Era Delgado Chalbaud, el militar, que los había traicionado.

–Sí. A mí me decía un escritor chileno, Manuel Rojas: “Guillermo, ¿por qué Gallegos era tan retraído? Yo lo fui a visitar en La Habana (luego de su caída) y él no hablaba una palabra. Yo creía que lo estaba molestando”. Era como si Gallegos no se tomara a sí mismo como un presidente en el exilio. Claro que hacía campaña con Acción Democrática.

Como si para él se hubiese cumplido un destino con su derrocamiento y hasta ahí llegaba.

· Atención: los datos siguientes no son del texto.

lemma cnorm_cdiff_triangle:
  assumes "is_config n d x" "is_config n d y" "is_config n d u"
  shows "cnorm (cdiff x y) \<le> cnorm (cdiff x u) + cnorm (cdiff y u)"
  unfolding cnorm_le_iff
proof (intro conjI allI impI)
  show "0 \<le> cnorm (cdiff x u) + cnorm (cdiff y u)"
    using cnorm_nonneg by (simp add: add_nonneg_nonneg)
  fix j i assume ji: "j < length (cdiff x y)" "i < length (cdiff x y ! j)"
  have c: "is_config n d (cdiff x y)" "is_config n d (cdiff x u)" "is_config n d (cdiff y u)"
    using assms is_config_cdiff by auto
  then have jn: "j < n" and id: "i < d"
    using ji unfolding is_config_def by auto
  have "cdiff x y ! j ! i = cdiff x u ! j ! i - cdiff y u ! j ! i"
    using assms jn id by (simp add: cdiff_nth_nth)
  moreover have "\<bar>cdiff x u ! j ! i\<bar> \<le> cnorm (cdiff x u)" "\<bar>cdiff y u ! j ! i\<bar> \<le> cnorm (cdiff y u)"
    using c jn id unfolding is_config_def by (auto intro!: abs_nth_nth_le_cnorm)
  ultimately show "\<bar>cdiff x y ! j ! i\<bar> \<le> cnorm (cdiff x u) + cnorm (cdiff y u)"
    by linarith
qed

definition zero_config :: "nat \<Rightarrow> nat \<Rightarrow> int list list" where
  "zero_config n d = replicate n (replicate d 0)"

lemma is_config_zero_config: "is_config n d (zero_config n d)"
  unfolding is_config_def zero_config_def by auto

lemma cdiff_eq_zero_config_iff:
  assumes "is_config n d x" "is_config n d y"
  shows "cdiff x y = zero_config n d \<longleftrightarrow> x = y"
proof
  assume xy: "cdiff x y = zero_config n d"
  show "x = y"
  proof (rule is_config_eqI[OF assms])
    fix j i assume "j < n" "i < d"
    then show "x!j!i = y!j!i"
      using cdiff_nth_nth[OF assms] xy by (simp add: zero_config_def)
  qed
next
  assume "x = y"
  then show "cdiff x y = zero_config n d"
    using assms by (intro is_config_eqI[OF is_config_cdiff is_config_zero_config])
      (auto simp: cdiff_nth_nth zero_config_def)
qed

lemma cbr_zero_config: "cbr (zero_config n d) = 1"
proof -
  have "cnorm (zero_config n d) \<le> 0"
    unfolding cnorm_le_iff zero_config_def by auto
  then show ?thesis
    unfolding cbr_def using cnorm_nonneg[of "zero_config n d"] by simp
qed

lemma cbr_ge_one: "1 \<le> cbr v"
  unfolding cbr_def by simp

definition confs_within :: "nat \<Rightarrow> nat \<Rightarrow> real \<Rightarrow> int list list set" where
  "confs_within n d c = {w. is_config n d w \<and> real_of_int (cnorm w) \<le> c}"

lemma finite_confs_within: "finite (confs_within n d c)"
proof -
  define K where "K = \<lceil>c\<rceil>"
  define T where "T = {a :: int list. set a \<subseteq> {-K..K} \<and> length a = d}"
  have "finite T"
    unfolding T_def by (rule finite_lists_length_eq) simp
  moreover have "confs_within n d c \<subseteq> {w. set w \<subseteq> T \<and> length w = n}"
  proof
    fix w assume "w \<in> confs_within n d c"
    then have w: "is_config n d w" "cnorm w \<le> K"
      unfolding confs_within_def K_def by (auto simp: le_ceiling_iff)
    then have "\<forall>a\<in>set w. \<forall>z\<in>set a. \<bar>z\<bar> \<le> K"
      unfolding cnorm_le_iff by (auto simp: in_set_conv_nth)
    then have "set w \<subseteq> T"
      using w(1) unfolding T_def is_config_def by (fastforce simp: abs_le_iff)
    then show "w \<in> {w. set w \<subseteq> T \<and> length w = n}"
      using w(1) unfolding is_config_def by simp
  qed
  ultimately show ?thesis
    using finite_lists_length_eq finite_subset by blast
qed

lemma cdiff_cube_subset:
  assumes "is_config n d u"
  shows "(\<lambda>x. cdiff x u) ` cube n d L u \<subseteq> confs_within n d L"
  using assms is_config_cdiff unfolding cube_def confs_within_def by auto
text \<open>On [0, \<pi>) a sinusoid A cos x + B sin x changes sign at most once, at a threshold \<tau>:
  writing it as r sin (c - x) with c \<in> [0, \<pi>), the argument c - x stays in (-\<pi>, \<pi>).\<close>

lemma sinusoid_isgn_threshold:
  assumes "A \<noteq> 0 \<or> B \<noteq> 0"
  obtains s :: int and \<tau> where "s = 1 \<or> s = -1"
    "\<And>x. 0 \<le> x \<Longrightarrow> x < pi \<Longrightarrow> isgn (A * cos x + B * sin x) = s * isgn (\<tau> - x)"
proof -
  have normalized: "\<exists>\<tau>. \<forall>x. 0 \<le> x \<longrightarrow> x < pi \<longrightarrow> isgn (A * cos x + B * sin x) = isgn (\<tau> - x)"
    if AB: "A > 0 \<or> (A = 0 \<and> B < 0)" for A B :: real
  proof -
    define r where "r = sqrt (A\<^sup>2 + B\<^sup>2)"
    have pos: "A\<^sup>2 + B\<^sup>2 > 0"
      using AB by (auto intro: add_pos_nonneg add_nonneg_pos)
    have r0: "r > 0"
      unfolding r_def using pos by (rule real_sqrt_gt_zero)
    have r2: "r\<^sup>2 = A\<^sup>2 + B\<^sup>2"
      unfolding r_def using pos by simp
    have "(- B / r)\<^sup>2 + (A / r)\<^sup>2 = (A\<^sup>2 + B\<^sup>2) / r\<^sup>2"
      by (simp add: power_divide add_divide_distrib)
    also have "\<dots> = 1"
      unfolding r2 using pos by (intro divide_self) linarith
    finally have "(- B / r)\<^sup>2 + (A / r)\<^sup>2 = 1" .
    then obtain c where c: "0 \<le> c" "c \<le> pi" "- B / r = cos c" "A / r = sin c"
      using sincos_total_pi[of "A / r" "- B / r"] AB r0 by auto
    have "A / r = sin c" "B / r = - cos c"
      using c(3,4) by simp_all
    then have A: "A = r * sin c" and B: "B = - r * cos c"
      using r0 by (simp_all add: divide_eq_eq)
    have "c \<noteq> pi"
    proof
      assume "c = pi"
      with A B have "A = 0" "B = r" by simp_all
      with AB r0 show False by simp
    qed
    have "isgn (A * cos x + B * sin x) = isgn (c - x)" if x: "0 \<le> x" "x < pi" for x
    proof -
      have "A * cos x + B * sin x = r * sin (c - x)"
        by (simp add: A B sin_diff algebra_simps)
      then show ?thesis
        using isgn_mult_pos[OF r0] isgn_sin[of "c - x"] c x \<open>c \<noteq> pi\<close> by simp
    qed
    then show ?thesis by blast
  qed
  show ?thesis
  proof (cases "A > 0 \<or> (A = 0 \<and> B < 0)")
    case True
    then obtain \<tau> where "\<forall>x. 0 \<le> x \<longrightarrow> x < pi \<longrightarrow> isgn (A * cos x + B * sin x) = isgn (\<tau> - x)"
      using normalized by blast
    then show ?thesis
      by (intro that[where s = 1 and \<tau> = \<tau>]) simp_all
  next
    case False
    with assms have "- A > 0 \<or> (- A = 0 \<and> - B < 0)" by auto
    then obtain \<tau> where
      \<tau>: "\<forall>x. 0 \<le> x \<longrightarrow> x < pi \<longrightarrow> isgn (- A * cos x + - B * sin x) = isgn (\<tau> - x)"
      using normalized by blast
    have "isgn (A * cos x + B * sin x) = - 1 * isgn (\<tau> - x)" if "0 \<le> x" "x < pi" for x
    proof -
      have "isgn (A * cos x + B * sin x) = - isgn (- (A * cos x + B * sin x))"
        by (simp only: isgn_uminus minus_minus)
      also have "- (A * cos x + B * sin x) = - A * cos x + - B * sin x"
        by simp
      finally show ?thesis
        using \<tau> that by simp
    qed
    then show ?thesis
      by (intro that[where s = "-1" and \<tau> = \<tau>]) simp_all
  qed
qed

lemma threshold_isgn_pattern:
  fixes x :: "nat \<Rightarrow> real"
  assumes "0 < k" and mono: "\<And>i j. i < j \<Longrightarrow> j < k \<Longrightarrow> x i < x j"
  obtains m1 where "m1 < k" "\<And>i. i < k \<Longrightarrow> i \<noteq> m1 \<Longrightarrow> isgn (\<tau> - x i) = (if i < m1 then 1 else -1)"
proof -
  define S where "S = {i. i < k \<and> x i \<le> \<tau>}"
  define m1 where "m1 = Max (insert 0 S)"
  have "finite S"
    by (simp add: S_def)
  then have m1: "m1 \<in> insert 0 S" and max: "\<forall>j\<in>S. j \<le> m1"
    unfolding m1_def by (intro Max_in, simp_all)
  have "isgn (\<tau> - x i) = (if i < m1 then 1 else -1)" if i: "i < k" "i \<noteq> m1" for i
  proof (cases "i < m1")
    case True
    then have "m1 \<in> S"
      using m1 by auto
    with True mono[of i m1] show ?thesis
      by (simp add: S_def isgn_def)
  next
    case False
    with i max have "i \<notin> S"
      by force
    with i False show ?thesis
      by (simp add: S_def isgn_def)
  qed
  moreover have "m1 < k"
    using m1 \<open>0 < k\<close> by (auto simp: S_def)
  ultimately show ?thesis
    using that by blast
qed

–Posiblemente sea así. Aunque también es cierto que al comienzo Gallegos pensaba que podía regresar como presidente. Tal vez es que pasó mucho tiempo en el exilio.

Picón-Salas, que es uno de sus escritores dilectos, hablaba de la necesidad de poner en práctica una “pedagogía de la libertad”. Y hay personas que han señalado que una de las fallas de la democracia es que no supo enseñarnos cuál es su valor, es decir, que falló en esa pedagogía de la libertad. ¿Usted cree que eso es así?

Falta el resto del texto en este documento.